### WHAT IS BEING ASKED
Some lines of the records below include the word "inequality". Report how many, and write nothing besides the number.

### RECORDS FOR THIS EXERCISE
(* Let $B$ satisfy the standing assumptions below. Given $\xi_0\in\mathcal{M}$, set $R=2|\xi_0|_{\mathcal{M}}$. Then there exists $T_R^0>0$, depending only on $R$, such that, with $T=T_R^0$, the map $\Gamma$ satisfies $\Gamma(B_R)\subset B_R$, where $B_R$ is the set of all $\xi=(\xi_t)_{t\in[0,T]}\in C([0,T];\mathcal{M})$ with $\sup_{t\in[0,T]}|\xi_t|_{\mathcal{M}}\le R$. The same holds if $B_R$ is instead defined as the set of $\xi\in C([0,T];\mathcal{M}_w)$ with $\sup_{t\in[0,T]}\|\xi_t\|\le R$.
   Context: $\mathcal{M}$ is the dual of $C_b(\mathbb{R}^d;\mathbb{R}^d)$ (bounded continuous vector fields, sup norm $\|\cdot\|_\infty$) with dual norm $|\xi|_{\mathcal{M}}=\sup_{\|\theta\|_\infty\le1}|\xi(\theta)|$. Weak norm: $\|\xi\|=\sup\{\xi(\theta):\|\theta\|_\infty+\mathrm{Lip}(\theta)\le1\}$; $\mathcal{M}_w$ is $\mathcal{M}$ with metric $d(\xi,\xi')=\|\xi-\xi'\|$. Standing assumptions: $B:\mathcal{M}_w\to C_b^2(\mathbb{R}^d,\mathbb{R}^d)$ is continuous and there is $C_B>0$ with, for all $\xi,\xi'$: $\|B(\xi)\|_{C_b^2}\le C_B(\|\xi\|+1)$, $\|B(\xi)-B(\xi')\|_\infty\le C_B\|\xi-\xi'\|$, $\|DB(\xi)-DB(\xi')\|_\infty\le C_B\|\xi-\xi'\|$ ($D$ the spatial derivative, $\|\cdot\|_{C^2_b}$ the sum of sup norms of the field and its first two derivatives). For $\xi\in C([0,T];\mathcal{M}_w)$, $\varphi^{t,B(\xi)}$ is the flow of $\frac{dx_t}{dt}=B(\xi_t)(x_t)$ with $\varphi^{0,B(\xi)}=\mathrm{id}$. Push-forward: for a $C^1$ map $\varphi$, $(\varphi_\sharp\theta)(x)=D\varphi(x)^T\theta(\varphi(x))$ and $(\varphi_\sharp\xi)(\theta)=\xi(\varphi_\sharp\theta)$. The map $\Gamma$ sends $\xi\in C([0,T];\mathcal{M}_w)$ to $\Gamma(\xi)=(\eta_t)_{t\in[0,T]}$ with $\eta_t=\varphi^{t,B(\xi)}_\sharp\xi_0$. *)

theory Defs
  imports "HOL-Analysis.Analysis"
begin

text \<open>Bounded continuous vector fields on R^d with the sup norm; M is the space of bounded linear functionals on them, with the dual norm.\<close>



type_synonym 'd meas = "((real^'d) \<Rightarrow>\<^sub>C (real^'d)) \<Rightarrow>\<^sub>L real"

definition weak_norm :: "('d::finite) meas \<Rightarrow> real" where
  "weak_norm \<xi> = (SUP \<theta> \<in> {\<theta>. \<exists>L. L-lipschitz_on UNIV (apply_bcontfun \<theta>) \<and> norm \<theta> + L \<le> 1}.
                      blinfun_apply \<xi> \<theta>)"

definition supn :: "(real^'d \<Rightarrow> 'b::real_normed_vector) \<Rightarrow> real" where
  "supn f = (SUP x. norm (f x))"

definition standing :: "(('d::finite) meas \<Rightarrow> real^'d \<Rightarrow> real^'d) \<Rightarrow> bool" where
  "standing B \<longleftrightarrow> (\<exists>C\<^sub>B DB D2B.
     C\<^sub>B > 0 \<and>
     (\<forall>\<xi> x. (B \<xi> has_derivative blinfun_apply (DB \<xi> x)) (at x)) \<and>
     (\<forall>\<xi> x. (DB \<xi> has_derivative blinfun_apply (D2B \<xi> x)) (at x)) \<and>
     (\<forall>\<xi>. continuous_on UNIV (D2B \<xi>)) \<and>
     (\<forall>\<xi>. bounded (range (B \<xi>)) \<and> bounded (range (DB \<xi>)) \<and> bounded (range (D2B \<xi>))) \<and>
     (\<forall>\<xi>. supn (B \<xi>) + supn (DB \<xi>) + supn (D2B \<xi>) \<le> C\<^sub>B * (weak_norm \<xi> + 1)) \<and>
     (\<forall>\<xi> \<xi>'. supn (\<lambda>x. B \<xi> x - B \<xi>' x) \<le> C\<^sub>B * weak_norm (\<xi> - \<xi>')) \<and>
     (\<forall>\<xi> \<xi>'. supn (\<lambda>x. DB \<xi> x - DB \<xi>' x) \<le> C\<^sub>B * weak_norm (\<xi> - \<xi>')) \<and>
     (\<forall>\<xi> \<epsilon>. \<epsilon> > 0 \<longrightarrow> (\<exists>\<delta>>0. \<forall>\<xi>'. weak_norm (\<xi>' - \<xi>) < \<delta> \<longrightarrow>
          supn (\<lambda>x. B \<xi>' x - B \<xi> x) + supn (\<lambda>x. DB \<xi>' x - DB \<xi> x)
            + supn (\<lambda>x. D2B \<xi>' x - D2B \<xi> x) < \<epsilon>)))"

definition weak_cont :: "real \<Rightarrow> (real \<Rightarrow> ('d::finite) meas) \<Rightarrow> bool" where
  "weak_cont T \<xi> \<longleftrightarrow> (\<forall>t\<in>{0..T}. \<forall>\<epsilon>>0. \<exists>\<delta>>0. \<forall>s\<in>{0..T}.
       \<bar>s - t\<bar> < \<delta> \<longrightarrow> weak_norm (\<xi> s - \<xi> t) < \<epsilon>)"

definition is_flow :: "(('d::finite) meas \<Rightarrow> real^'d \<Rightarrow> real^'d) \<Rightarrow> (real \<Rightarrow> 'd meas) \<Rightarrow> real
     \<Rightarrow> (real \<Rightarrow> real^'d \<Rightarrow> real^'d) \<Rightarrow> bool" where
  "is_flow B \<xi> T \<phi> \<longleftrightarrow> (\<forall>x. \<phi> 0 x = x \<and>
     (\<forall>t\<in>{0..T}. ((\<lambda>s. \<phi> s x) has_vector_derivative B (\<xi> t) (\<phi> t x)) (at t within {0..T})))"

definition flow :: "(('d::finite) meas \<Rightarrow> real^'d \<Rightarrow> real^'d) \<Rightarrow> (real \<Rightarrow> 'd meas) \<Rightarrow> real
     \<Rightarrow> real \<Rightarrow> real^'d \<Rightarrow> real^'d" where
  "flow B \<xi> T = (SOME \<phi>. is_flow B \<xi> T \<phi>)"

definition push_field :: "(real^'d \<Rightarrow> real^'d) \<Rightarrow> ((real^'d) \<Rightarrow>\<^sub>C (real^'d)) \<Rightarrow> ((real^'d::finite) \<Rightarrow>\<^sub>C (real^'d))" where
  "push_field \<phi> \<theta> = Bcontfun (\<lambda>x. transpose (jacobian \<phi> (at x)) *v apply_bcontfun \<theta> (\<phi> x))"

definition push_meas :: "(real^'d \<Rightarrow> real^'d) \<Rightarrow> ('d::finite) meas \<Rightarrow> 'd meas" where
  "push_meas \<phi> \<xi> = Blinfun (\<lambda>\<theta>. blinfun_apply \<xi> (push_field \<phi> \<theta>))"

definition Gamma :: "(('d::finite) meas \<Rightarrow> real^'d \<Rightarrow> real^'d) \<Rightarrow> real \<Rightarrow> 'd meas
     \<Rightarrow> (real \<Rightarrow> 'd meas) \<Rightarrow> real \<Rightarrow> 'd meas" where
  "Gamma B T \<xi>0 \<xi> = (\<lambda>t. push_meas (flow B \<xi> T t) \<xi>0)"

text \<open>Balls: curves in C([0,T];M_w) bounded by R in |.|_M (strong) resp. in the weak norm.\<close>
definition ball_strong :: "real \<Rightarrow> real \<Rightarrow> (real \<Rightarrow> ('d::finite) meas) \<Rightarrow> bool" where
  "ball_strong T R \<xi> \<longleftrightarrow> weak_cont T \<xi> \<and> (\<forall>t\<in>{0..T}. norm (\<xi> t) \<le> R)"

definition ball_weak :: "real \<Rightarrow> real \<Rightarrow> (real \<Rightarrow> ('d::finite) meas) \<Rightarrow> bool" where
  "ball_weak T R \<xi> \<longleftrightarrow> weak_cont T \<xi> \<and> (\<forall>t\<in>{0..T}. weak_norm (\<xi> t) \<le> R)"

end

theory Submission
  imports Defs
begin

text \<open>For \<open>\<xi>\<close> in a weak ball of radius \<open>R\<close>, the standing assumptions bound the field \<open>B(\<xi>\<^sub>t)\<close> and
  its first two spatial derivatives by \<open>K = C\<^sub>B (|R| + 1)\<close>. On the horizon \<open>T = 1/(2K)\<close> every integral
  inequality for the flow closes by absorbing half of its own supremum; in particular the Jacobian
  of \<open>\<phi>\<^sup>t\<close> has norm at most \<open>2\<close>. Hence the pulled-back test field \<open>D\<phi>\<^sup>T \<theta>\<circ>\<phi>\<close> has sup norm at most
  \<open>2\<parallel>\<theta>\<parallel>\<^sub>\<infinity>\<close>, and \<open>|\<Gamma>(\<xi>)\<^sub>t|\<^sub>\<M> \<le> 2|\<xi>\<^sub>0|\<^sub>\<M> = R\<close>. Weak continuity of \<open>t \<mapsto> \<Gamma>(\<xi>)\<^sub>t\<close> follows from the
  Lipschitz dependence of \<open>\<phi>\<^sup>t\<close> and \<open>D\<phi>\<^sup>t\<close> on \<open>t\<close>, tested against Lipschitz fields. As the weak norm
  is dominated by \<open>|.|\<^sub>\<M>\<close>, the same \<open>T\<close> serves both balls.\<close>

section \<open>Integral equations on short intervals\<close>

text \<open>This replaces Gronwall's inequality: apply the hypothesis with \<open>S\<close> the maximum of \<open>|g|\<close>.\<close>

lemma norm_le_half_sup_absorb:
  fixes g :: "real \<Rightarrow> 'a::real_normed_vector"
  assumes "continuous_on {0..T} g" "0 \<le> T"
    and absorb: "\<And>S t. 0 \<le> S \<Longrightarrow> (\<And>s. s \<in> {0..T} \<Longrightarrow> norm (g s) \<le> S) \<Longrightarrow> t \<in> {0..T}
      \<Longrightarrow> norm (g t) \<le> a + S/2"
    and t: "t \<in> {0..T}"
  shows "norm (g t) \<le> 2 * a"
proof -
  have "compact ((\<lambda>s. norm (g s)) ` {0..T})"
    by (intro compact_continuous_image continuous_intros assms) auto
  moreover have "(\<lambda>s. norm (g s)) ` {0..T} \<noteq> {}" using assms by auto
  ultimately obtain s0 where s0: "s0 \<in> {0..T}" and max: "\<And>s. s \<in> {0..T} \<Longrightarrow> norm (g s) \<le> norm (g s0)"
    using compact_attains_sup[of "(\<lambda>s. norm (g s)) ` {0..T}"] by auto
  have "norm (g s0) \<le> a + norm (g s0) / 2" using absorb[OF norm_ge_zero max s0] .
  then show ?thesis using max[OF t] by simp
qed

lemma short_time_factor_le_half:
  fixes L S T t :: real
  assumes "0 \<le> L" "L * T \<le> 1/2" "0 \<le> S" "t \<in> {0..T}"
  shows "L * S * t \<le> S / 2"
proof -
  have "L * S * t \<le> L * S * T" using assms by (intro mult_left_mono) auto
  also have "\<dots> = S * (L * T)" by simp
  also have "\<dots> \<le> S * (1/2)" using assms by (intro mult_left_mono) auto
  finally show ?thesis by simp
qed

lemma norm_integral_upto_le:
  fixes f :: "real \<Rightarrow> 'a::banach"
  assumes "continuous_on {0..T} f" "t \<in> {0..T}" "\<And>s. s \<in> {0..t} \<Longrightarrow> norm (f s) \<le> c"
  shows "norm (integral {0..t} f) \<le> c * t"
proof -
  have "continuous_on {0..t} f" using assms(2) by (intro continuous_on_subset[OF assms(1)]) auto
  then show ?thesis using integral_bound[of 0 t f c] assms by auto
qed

### RESULT OF THIS TASK
2